Pressure Cooker Boiled Peanuts

Hi y'all!  College football season is in full swing down here in the south, and if you ask me what says college football, my instant first answer is going to be: bourbon.  But, a close second would be boiled peanuts!  I have many, many memories of watching football, while shoving boiled peanuts into my mouth as fast as I could shove them in!  
As much as I love them, though, they do take quite awhile to cook on the stove top, and when I want boiled peanuts, I want boiled peanuts now!  What's a girl to do?  

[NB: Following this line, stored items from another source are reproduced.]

lemma finite_eigenvalues_symmetric:
  fixes S :: "real^'k^'k"
  assumes sym: "transpose S = S"
  shows "finite {\<mu>. \<exists>v. v \<noteq> 0 \<and> S *v v = \<mu> *\<^sub>R v}" (is "finite ?E")
proof -
  define ev where "ev \<mu> = (SOME v. v \<noteq> 0 \<and> S *v v = \<mu> *\<^sub>R v)" for \<mu>
  have ev: "ev \<mu> \<noteq> 0" "S *v ev \<mu> = \<mu> *\<^sub>R ev \<mu>" if "\<mu> \<in> ?E" for \<mu>
    using someI_ex[OF that[unfolded mem_Collect_eq]] by (simp_all add: ev_def)
  have "inj_on ev ?E"
  proof (rule inj_onI)
    fix \<mu> \<nu> assume \<mu>: "\<mu> \<in> ?E" and \<nu>: "\<nu> \<in> ?E" and "ev \<mu> = ev \<nu>"
    then have "\<mu> *\<^sub>R ev \<mu> = \<nu> *\<^sub>R ev \<mu>"
      using ev(2)[OF \<mu>] ev(2)[OF \<nu>] by metis
    then show "\<mu> = \<nu>"
      using ev(1)[OF \<mu>] by simp
  qed
  have "pairwise orthogonal (ev ` ?E)"
  proof (rule pairwiseI, unfold orthogonal_def)
    fix a b assume "a \<in> ev ` ?E" "b \<in> ev ` ?E" "a \<noteq> b"
    then obtain \<mu> \<nu> where \<mu>: "\<mu> \<in> ?E" and \<nu>: "\<nu> \<in> ?E" and ab: "a = ev \<mu>" "b = ev \<nu>"
      by blast
    with \<open>a \<noteq> b\<close> have "\<mu> \<noteq> \<nu>" by blast
    have "(S *v ev \<mu>) \<bullet> ev \<nu> = ev \<mu> \<bullet> (S *v ev \<nu>)"
      by (rule symmetric_matrix_inner_commute[OF sym])
    then have "(\<mu> - \<nu>) * (ev \<mu> \<bullet> ev \<nu>) = 0"
      using ev(2)[OF \<mu>] ev(2)[OF \<nu>] by (simp add: left_diff_distrib)
    with \<open>\<mu> \<noteq> \<nu>\<close> show "a \<bullet> b = 0"
      by (simp add: ab)
  qed
  moreover have "0 \<notin> ev ` ?E"
    using ev(1) by fastforce
  ultimately have "finite (ev ` ?E)"
    by (intro independent_imp_finite pairwise_orthogonal_independent)
  then show ?thesis
    using \<open>inj_on ev ?E\<close> by (rule finite_imageD)
qed

lemma eigenvalue_le_rho:
  fixes S :: "real^'k^'k"
  assumes "transpose S = S" and "v \<noteq> 0" and "S *v v = \<mu> *\<^sub>R v"
  shows "\<mu> \<le> rho S"
  unfolding rho_def using assms finite_eigenvalues_symmetric[OF assms(1)] by (auto intro!: Max_ge)

lemma rayleigh_maximizer_is_eigenvector:
  fixes S :: "real^'k^'k"
  assumes sym: "transpose S = S"
    and le: "\<And>y. y \<bullet> (S *v y) \<le> \<mu> * (norm y)\<^sup>2"
    and eq: "u \<bullet> (S *v u) = \<mu> * (norm u)\<^sup>2"
  shows "S *v u = \<mu> *\<^sub>R u"
proof -
  define w where "w = S *v u - \<mu> *\<^sub>R u"
  define q where "q y = y \<bullet> (S *v y) - \<mu> * (y \<bullet> y)" for y
  have "q u = 0"
    using eq by (simp add: q_def power2_norm_eq_inner)
  have expand: "q (u + t *\<^sub>R w) = 2 * (w \<bullet> w) * t + q w * t\<^sup>2" for t
    using \<open>q u = 0\<close> symmetric_matrix_inner_commute[OF sym, of w u]
    by (simp add: q_def w_def matrix_vector_right_distrib matrix_vector_mult_scaleR
        inner_add_left inner_add_right inner_diff_left inner_commute algebra_simps power2_eq_square)
  \<comment> \<open>q \<le> 0 everywhere and q u = 0, so t \<mapsto> q (u + t w) is maximal at 0\<close>
  have "2 * (w \<bullet> w) = 0"
  proof (rule DERIV_local_max)
    show "((\<lambda>t. 2 * (w \<bullet> w) * t + q w * t\<^sup>2) has_real_derivative 2 * (w \<bullet> w)) (at 0)"
      by (auto intro!: derivative_eq_intros)
    show "\<forall>t. \<bar>0 - t\<bar> < 1 \<longrightarrow> 2 * (w \<bullet> w) * t + q w * t\<^sup>2 \<le> 2 * (w \<bullet> w) * 0 + q w * 0\<^sup>2"
    proof (intro allI impI)
      fix t :: real
      have "q (u + t *\<^sub>R w) \<le> 0"
        using le[of "u + t *\<^sub>R w"] by (simp add: q_def power2_norm_eq_inner)
      then show "2 * (w \<bullet> w) * t + q w * t\<^sup>2 \<le> 2 * (w \<bullet> w) * 0 + q w * 0\<^sup>2"
        by (simp add: expand)
    qed
  qed simp
  then show ?thesis
    by (simp add: w_def)
qed

lemma inner_matrix_vector_le_rho:
  fixes S :: "real^'k^'k"
  assumes sym: "transpose S = S"
  shows "v \<bullet> (S *v v) \<le> rho S * (norm v)\<^sup>2"
proof -
  have "continuous_on (sphere 0 1) (\<lambda>y. y \<bullet> (S *v y))"
    by (intro continuous_intros continuous_on_compose2[of UNIV "(*v) S"] linear_continuous_on)
      (auto simp: matrix_vector_mul_linear)
  moreover have "sphere (0::real^'k) 1 \<noteq> {}"
    by (simp add: sphere_def) (metis norm_Basis SOME_Basis)
  ultimately obtain u where u: "u \<in> sphere 0 1"
    and max: "\<And>y. y \<in> sphere 0 1 \<Longrightarrow> y \<bullet> (S *v y) \<le> u \<bullet> (S *v u)"
    using continuous_attains_sup[OF compact_sphere] by blast
  define \<mu> where "\<mu> = u \<bullet> (S *v u)"
  have bound: "y \<bullet> (S *v y) \<le> \<mu> * (norm y)\<^sup>2" for y
  proof (cases "y = 0")
    case False
    have "(y /\<^sub>R norm y) \<bullet> (S *v (y /\<^sub>R norm y)) \<le> \<mu>"
      using max[of "y /\<^sub>R norm y"] False by (simp add: \<mu>_def)
    then show ?thesis
      using False by (simp add: matrix_vector_mult_scaleR field_simps power2_eq_square)
  qed simp
  have "S *v u = \<mu> *\<^sub>R u"
    using u by (intro rayleigh_maximizer_is_eigenvector[OF sym bound]) (simp add: \<mu>_def)
  then have "\<mu> \<le> rho S"
    using u by (intro eigenvalue_le_rho[OF sym]) auto
  then show ?thesis
    using bound[of v] by (meson mult_right_mono order_trans zero_le_power2)
qed

lemma rho_nonneg:
  fixes S :: "real^'k^'k"
  assumes "transpose S = S" and "\<And>v. 0 \<le> v \<bullet> (S *v v)"
  shows "0 \<le> rho S"
proof -
  obtain v :: "real^'k" where "v \<in> Basis"
    using SOME_Basis by blast
  then show ?thesis
    using inner_matrix_vector_le_rho[OF assms(1), of v] assms(2)[of v] by simp
qed

lemma psd_cauchy_schwarz:
  fixes S :: "real^'k^'k"
  assumes sym: "transpose S = S" and psd: "\<And>v. 0 \<le> v \<bullet> (S *v v)"
  shows "(u \<bullet> (S *v v))\<^sup>2 \<le> (u \<bullet> (S *v u)) * (v \<bullet> (S *v v))"
proof (rule quadratic_nonneg_imp_discriminant_le)
  fix t
  have "0 \<le> (u + t *\<^sub>R v) \<bullet> (S *v (u + t *\<^sub>R v))"
    by (rule psd)
  also have "\<dots> = u \<bullet> (S *v u) + 2 * (u \<bullet> (S *v v)) * t + v \<bullet> (S *v v) * t\<^sup>2"
    using symmetric_matrix_inner_commute[OF sym, of v u]
    by (simp add: matrix_vector_right_distrib matrix_vector_mult_scaleR inner_add_left
        inner_add_right inner_commute algebra_simps power2_eq_square)
  finally show "0 \<le> u \<bullet> (S *v u) + 2 * (u \<bullet> (S *v v)) * t + v \<bullet> (S *v v) * t\<^sup>2" .
qed (rule psd)

lemma norm_matrix_vector_sq_le_rho_sq:
  fixes S :: "real^'k^'k"
  assumes sym: "transpose S = S" and psd: "\<And>v. 0 \<le> v \<bullet> (S *v v)"
  shows "(norm (S *v v))\<^sup>2 \<le> (rho S)\<^sup>2 * (norm v)\<^sup>2"
proof -
  define u where "u = S *v v"
  have "0 \<le> rho S"
    by (rule rho_nonneg[OF sym psd])
  have "(u \<bullet> u)\<^sup>2 \<le> (u \<bullet> (S *v u)) * (v \<bullet> (S *v v))"
    using psd_cauchy_schwarz[OF sym psd, of u v] by (simp add: u_def)
  also have "\<dots> \<le> (rho S * (u \<bullet> u)) * (v \<bullet> (S *v v))"
    using inner_matrix_vector_le_rho[OF sym, of u] psd[of v]
    by (intro mult_right_mono) (simp_all add: power2_norm_eq_inner)
  finally have "(u \<bullet> u) * (u \<bullet> u) \<le> (u \<bullet> u) * (rho S * (v \<bullet> (S *v v)))"
    by (simp add: power2_eq_square ac_simps)
  then have "u \<bullet> u \<le> rho S * (v \<bullet> (S *v v))"
    using psd[of v] \<open>0 \<le> rho S\<close> inner_ge_zero[of u]
    by (cases "u \<bullet> u = 0") (simp_all add: mult_le_cancel_left_pos)
  also have "\<dots> \<le> rho S * (rho S * (v \<bullet> v))"
    using inner_matrix_vector_le_rho[OF sym, of v] \<open>0 \<le> rho S\<close>
    by (intro mult_left_mono) (simp_all add: power2_norm_eq_inner)
  finally show ?thesis
    unfolding power2_norm_eq_inner by (simp add: u_def power2_eq_square mult.assoc)
qed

Hum....what could speed up the cooking, while maintaining the texture of the peanuts...hum....of course!  The pressure cooker!  Oh, this is going to be good!  All you need is about two and a half hours and a pressure cooker!  Ready?  Let's get started!
Here's your grocery list for this one:
2 lbs green, raw peanuts
3/4 C Table salt
Enough water to cover peanuts
Yep.  That's it.  Sometimes the simplest recipes are the best.  That's what I tell myself, anyway!  To start with, dump all of the salt into the basin of your pressure cooker, add in your beautiful green peanuts, and enough water to cover the peanuts.  Find something in your kitchen that will weigh the peanuts down, under the water.  You want to pre-soak the peanuts for at least an hour, to help soften the shells.  If you can do it longer, great, but I rarely can, because I get too excited about boiled peanuts! 
 
Don't you love my solution for weighing down my peanuts?  Yep, that's a cake pan with my salt container sitting inside of it.  A large can of tomato sauce would have worked beautifully, too! 
 
After your peanuts have soaked, put the lid on, bring the pressure up to high, and let them cook for 90 minutes.  Once the timer says they are finished, you can either wait and let the pressure release naturally, or just (very carefully) release the pressure valve and drain.  What you are left with are tender, delicious peanuts that have just the right amount of salt cooked into them!  That being said, what I may think is the perfectly salted boiled peanut may be bland for you, or over-salted.  If these aren't salt-y enough for you, just let them soak in the salty water after they have cooked; they will continue to absorb the salt over a couple of hours; if the opposite happens, and they are too salty, don't worry!  Just empty out the salty cooking water, run some fresh water in the pot, put the peanuts back in, and let them soak in the fresh water for a couple of hours.
Now then, I have never had someone say these are too salty, or not salty enough, but to each their own!  I do hope you give these a try this football season, and may your team always win (unless y'all are playing my team, of course!)